Aim of the task => Locate, in the data below, the line that contains "locale main_term = M2plus_bounded" and the line that contains "using sdiff_nonneg[OF assms]"; reproduce exactly those two lines and every line between them, nothing more.

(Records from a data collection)
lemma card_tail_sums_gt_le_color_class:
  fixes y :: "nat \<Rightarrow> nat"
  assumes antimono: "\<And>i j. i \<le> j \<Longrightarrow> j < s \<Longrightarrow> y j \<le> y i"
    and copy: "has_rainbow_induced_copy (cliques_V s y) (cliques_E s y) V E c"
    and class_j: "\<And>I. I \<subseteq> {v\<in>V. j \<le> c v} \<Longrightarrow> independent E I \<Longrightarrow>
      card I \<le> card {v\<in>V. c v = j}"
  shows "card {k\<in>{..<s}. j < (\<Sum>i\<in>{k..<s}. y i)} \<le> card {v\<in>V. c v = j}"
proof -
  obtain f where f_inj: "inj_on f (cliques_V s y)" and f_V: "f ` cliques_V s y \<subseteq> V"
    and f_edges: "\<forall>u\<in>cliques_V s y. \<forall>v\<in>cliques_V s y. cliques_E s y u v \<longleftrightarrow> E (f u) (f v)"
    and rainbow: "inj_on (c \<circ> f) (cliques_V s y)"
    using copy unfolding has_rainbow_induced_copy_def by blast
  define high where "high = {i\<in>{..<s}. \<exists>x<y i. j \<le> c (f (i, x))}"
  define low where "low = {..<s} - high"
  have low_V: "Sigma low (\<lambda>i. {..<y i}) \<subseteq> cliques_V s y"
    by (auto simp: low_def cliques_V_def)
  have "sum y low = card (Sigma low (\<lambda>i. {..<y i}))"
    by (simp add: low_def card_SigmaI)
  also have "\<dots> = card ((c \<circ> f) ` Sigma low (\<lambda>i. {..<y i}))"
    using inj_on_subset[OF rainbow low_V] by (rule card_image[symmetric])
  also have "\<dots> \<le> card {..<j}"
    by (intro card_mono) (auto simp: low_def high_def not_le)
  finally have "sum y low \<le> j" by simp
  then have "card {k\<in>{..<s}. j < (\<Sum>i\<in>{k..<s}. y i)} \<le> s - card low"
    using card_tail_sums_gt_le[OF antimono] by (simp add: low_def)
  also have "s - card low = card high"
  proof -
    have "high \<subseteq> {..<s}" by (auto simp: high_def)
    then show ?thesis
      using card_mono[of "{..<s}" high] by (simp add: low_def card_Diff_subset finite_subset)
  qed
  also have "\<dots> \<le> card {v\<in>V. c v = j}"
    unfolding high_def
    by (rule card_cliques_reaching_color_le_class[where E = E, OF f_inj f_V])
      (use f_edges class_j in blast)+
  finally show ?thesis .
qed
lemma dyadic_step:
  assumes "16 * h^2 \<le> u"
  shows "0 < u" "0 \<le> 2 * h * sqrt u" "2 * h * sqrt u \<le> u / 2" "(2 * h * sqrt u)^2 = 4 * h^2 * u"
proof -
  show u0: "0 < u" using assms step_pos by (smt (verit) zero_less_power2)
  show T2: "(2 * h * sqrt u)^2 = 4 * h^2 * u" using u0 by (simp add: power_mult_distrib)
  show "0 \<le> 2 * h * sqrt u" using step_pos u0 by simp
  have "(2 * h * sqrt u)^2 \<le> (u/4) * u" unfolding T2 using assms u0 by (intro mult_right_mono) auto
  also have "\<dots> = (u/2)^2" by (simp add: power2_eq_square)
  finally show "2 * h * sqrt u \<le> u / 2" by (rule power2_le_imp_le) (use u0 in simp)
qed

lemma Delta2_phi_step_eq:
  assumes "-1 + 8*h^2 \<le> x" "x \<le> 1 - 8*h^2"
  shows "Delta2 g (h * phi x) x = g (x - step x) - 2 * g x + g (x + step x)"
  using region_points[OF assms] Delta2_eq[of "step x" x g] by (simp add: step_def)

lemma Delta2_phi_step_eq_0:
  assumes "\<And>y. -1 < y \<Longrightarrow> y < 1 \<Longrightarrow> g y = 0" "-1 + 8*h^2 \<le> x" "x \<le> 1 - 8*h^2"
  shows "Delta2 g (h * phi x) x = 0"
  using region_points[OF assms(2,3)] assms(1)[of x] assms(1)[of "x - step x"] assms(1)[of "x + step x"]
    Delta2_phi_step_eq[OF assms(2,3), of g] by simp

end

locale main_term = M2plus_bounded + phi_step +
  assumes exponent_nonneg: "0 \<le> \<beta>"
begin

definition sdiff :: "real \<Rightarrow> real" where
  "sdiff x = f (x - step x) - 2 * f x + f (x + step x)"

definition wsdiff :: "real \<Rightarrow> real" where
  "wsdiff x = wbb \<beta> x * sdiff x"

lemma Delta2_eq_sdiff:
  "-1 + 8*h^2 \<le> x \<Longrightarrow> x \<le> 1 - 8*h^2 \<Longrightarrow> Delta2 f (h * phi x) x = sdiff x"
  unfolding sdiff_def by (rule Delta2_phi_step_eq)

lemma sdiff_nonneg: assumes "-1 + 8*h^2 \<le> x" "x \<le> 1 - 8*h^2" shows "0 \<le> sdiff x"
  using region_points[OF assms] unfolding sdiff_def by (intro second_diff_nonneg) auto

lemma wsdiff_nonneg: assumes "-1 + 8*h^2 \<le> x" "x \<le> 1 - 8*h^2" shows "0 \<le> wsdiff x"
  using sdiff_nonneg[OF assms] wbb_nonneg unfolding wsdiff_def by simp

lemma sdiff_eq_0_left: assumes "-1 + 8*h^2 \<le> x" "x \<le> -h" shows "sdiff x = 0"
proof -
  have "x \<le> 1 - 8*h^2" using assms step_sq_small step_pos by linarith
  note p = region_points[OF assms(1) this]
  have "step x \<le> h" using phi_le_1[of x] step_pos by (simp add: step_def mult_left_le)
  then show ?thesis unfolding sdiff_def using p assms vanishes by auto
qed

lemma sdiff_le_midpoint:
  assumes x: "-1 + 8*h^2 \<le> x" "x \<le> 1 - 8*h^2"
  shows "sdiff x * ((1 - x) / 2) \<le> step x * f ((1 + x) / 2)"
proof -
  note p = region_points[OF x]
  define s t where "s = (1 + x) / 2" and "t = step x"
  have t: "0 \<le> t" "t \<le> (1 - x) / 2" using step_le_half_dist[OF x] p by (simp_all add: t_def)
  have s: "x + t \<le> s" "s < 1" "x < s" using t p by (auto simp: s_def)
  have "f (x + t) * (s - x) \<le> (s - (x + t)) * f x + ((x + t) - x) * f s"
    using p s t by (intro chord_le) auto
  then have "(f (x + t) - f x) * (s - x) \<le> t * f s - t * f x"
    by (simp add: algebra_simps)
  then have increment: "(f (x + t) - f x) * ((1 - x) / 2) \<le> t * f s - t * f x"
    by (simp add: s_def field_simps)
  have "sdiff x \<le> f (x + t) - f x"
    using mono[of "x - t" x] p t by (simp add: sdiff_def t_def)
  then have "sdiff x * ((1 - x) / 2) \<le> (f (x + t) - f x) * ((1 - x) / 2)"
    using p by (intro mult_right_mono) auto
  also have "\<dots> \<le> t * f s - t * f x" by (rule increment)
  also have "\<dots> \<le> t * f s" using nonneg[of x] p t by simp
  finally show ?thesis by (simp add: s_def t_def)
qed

Solution for this problem =>
locale main_term = M2plus_bounded + phi_step +
  assumes exponent_nonneg: "0 \<le> \<beta>"
begin

definition sdiff :: "real \<Rightarrow> real" where
  "sdiff x = f (x - step x) - 2 * f x + f (x + step x)"

definition wsdiff :: "real \<Rightarrow> real" where
  "wsdiff x = wbb \<beta> x * sdiff x"

lemma Delta2_eq_sdiff:
  "-1 + 8*h^2 \<le> x \<Longrightarrow> x \<le> 1 - 8*h^2 \<Longrightarrow> Delta2 f (h * phi x) x = sdiff x"
  unfolding sdiff_def by (rule Delta2_phi_step_eq)

lemma sdiff_nonneg: assumes "-1 + 8*h^2 \<le> x" "x \<le> 1 - 8*h^2" shows "0 \<le> sdiff x"
  using region_points[OF assms] unfolding sdiff_def by (intro second_diff_nonneg) auto

lemma wsdiff_nonneg: assumes "-1 + 8*h^2 \<le> x" "x \<le> 1 - 8*h^2" shows "0 \<le> wsdiff x"
  using sdiff_nonneg[OF assms] wbb_nonneg unfolding wsdiff_def by simp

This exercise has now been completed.